Note that the notion of consistency and coverage in CNA is the same as consistency and coverage of sufficiency in QCA (Ragin 2006; Schneider and Wagemann 2012, chaps. 5.2, 5.3). Consequently, consistency in CNA is the same as coverage of necessity in QCA (Ragin 2006; Schneider and Wagemann 2012, chap. 5.5) and coverage in CNA is the same as consistency of necessity in QCA (Ragin 2006; Schneider and Wagemann 2012, chap. 5.4). However, the use of consistency and coverage thresholds differs fundamentally between the QCA and CNA approach, a fact that I will continue to illustrate throughout the example.

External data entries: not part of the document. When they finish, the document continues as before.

(* Let $G$ be a finitely generated amenable group, $S$ a finite symmetric generating set, $\Gamma=\mathrm{Cay}(G,S)$, and $p\in(1,\infty)$. Let $(\xi_n)$ be a sequence of finitely supported probability measures on $G$ tending to a left-invariant mean, i.e. $\|\lambda_\gamma\xi_n-\xi_n\|_{\ell^1(G)}\to0$ for every $\gamma\in G$. If there is $K>0$ such that for all $s\in S$ and all $n$ the operator $f\mapsto(\delta_s-\delta_e)*\xi_n*f$ has norm at most $K$ as an operator from $D^p(\Gamma)$ to $\ell^p(G)$, then $\overline{\ell^p H}^1(\Gamma)=0$.
   Context: The Cayley graph $\Gamma=\mathrm{Cay}(G,S)$ has vertex set $G$ and edges $(\gamma,\gamma')$ with $s^{-1}\gamma=\gamma'$ for some $s\in S$. Functions take values in $\mathbb{K}=\mathbb{R}$ or $\mathbb{C}$. The gradient is $\nabla g(\gamma,\gamma')=g(\gamma')-g(\gamma)$; $D^p(\Gamma)=\{f:G\to\mathbb{K}:\nabla f\in\ell^p(E)\}$ with norm $\|f\|^p_{D^p}=\|\nabla f\|^p_{\ell^p(E)}+|f(e)|^p$, and $\overline{\ell^p H}^1(\Gamma)=D^p(\Gamma)/\overline{\ell^p(G)+\mathbb{K}}^{D^p}$ ($\mathbb{K}$ = constant functions). $(\lambda_\gamma f)(x)=f(\gamma^{-1}x)$; $\delta_\gamma$ is the Dirac mass at $\gamma$; convolution is $(\xi*f)(\eta)=\sum_{\gamma\in G}\xi(\gamma)f(\gamma^{-1}\eta)$. *)

theory Defs
  imports "HOL-Analysis.Analysis"
begin

text \<open>The group G is a type of class group_add (written additively, not necessarily
commutative): x + y is the product, 0 the identity e, -x the inverse.
Scalars 'k are a complete real normed field (i.e. R or C).\<close>

definition generated_subgroup :: "'g::group_add set \<Rightarrow> 'g set" where
  "generated_subgroup S = \<Inter>{H. 0 \<in> H \<and> (\<forall>x\<in>H. \<forall>y\<in>H. x + y \<in> H) \<and> (\<forall>x\<in>H. - x \<in> H) \<and> S \<subseteq> H}"

definition finite_symmetric_generating_set :: "'g::group_add set \<Rightarrow> bool" where
  "finite_symmetric_generating_set S \<longleftrightarrow>
     finite S \<and> (\<forall>s\<in>S. - s \<in> S) \<and> generated_subgroup S = UNIV"

definition amenable_group :: "'g::group_add itself \<Rightarrow> bool" where
  "amenable_group TYPE('g) \<longleftrightarrow>
    (\<exists>m :: ('g \<Rightarrow> real) \<Rightarrow> real.
       (\<forall>f g c. bounded (range f) \<and> bounded (range g) \<longrightarrow> m (\<lambda>x. f x + c * g x) = m f + c * m g)
     \<and> (\<forall>f. bounded (range f) \<and> (\<forall>x. f x \<ge> 0) \<longrightarrow> m f \<ge> 0)
     \<and> m (\<lambda>_. 1) = 1
     \<and> (\<forall>f \<gamma>. bounded (range f) \<longrightarrow> m (\<lambda>x. f (- \<gamma> + x)) = m f))"

definition cayley_edges :: "'g::group_add set \<Rightarrow> ('g \<times> 'g) set" where
  "cayley_edges S = {(\<gamma>, \<gamma>'). \<exists>s\<in>S. - s + \<gamma> = \<gamma>'}"

definition lp_space :: "real \<Rightarrow> ('g \<Rightarrow> 'k::real_normed_vector) set" where
  "lp_space p = {f. (\<lambda>x. norm (f x) powr p) summable_on UNIV}"

definition lp_norm :: "real \<Rightarrow> ('g \<Rightarrow> 'k::real_normed_vector) \<Rightarrow> real" where
  "lp_norm p f = (\<Sum>\<^sub>\<infinity>x. norm (f x) powr p) powr (1 / p)"

definition Dp_space :: "real \<Rightarrow> 'g::group_add set \<Rightarrow> ('g \<Rightarrow> 'k::real_normed_vector) set" where
  "Dp_space p S = {f. (\<lambda>(x, y). norm (f y - f x) powr p) summable_on cayley_edges S}"

definition Dp_norm :: "real \<Rightarrow> 'g::group_add set \<Rightarrow> ('g \<Rightarrow> 'k::real_normed_vector) \<Rightarrow> real" where
  "Dp_norm p S f =
     ((\<Sum>\<^sub>\<infinity>(x, y)\<in>cayley_edges S. norm (f y - f x) powr p) + norm (f 0) powr p) powr (1 / p)"

definition lp_plus_const_closure :: "real \<Rightarrow> 'g::group_add set \<Rightarrow> ('g \<Rightarrow> 'k::real_normed_vector) set" where
  "lp_plus_const_closure p S = {f \<in> Dp_space p S. \<forall>\<epsilon>>0. \<exists>g \<in> lp_space p. \<exists>c.
       Dp_norm p S (\<lambda>x. f x - (g x + c)) < \<epsilon>}"

definition reduced_lp_cohomology_vanishes :: "real \<Rightarrow> 'g::group_add set \<Rightarrow> 'k::real_normed_vector itself \<Rightarrow> bool" where
  "reduced_lp_cohomology_vanishes p S TYPE('k) \<longleftrightarrow>
     (Dp_space p S :: ('g \<Rightarrow> 'k) set) = lp_plus_const_closure p S"

definition conv :: "('g::group_add \<Rightarrow> real) \<Rightarrow> ('g \<Rightarrow> 'k::real_vector) \<Rightarrow> 'g \<Rightarrow> 'k" where
  "conv \<xi> f \<eta> = (\<Sum>\<gamma>\<in>{\<gamma>. \<xi> \<gamma> \<noteq> 0}. \<xi> \<gamma> *\<^sub>R f (- \<gamma> + \<eta>))"

definition dirac :: "'g \<Rightarrow> 'g \<Rightarrow> real" where
  "dirac \<gamma> = (\<lambda>x. if x = \<gamma> then 1 else 0)"

definition finitely_supported_prob :: "('g \<Rightarrow> real) \<Rightarrow> bool" where
  "finitely_supported_prob \<xi> \<longleftrightarrow>
     (\<forall>x. \<xi> x \<ge> 0) \<and> finite {x. \<xi> x \<noteq> 0} \<and> (\<Sum>x\<in>{x. \<xi> x \<noteq> 0}. \<xi> x) = 1"

end

theory Submission
  imports Defs
begin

To come back to the CNA protocol, we see from the msc object in Table 2 that no msc is an asf on its own as their individual coverage values are both below 1 (more precisely 0.8 and 0.4). If, and only if, single msc do not meet the coverage threshold—like in our example—the CNA algorithm combines msc discunctively and systematically tests theses disjunctions for their necessity for the outcome. In our example the disjunction of A and \(B*C\) indeed meets the coverage threshold and, thus, is the only asf, which can be called via asf() (Table 3). From two msc, only one disjunction can be built and tested. If this disjunction had a coverage below 1, the set of asf would be empty and cna() could not derive any model given the set consistency and coverage thresholds.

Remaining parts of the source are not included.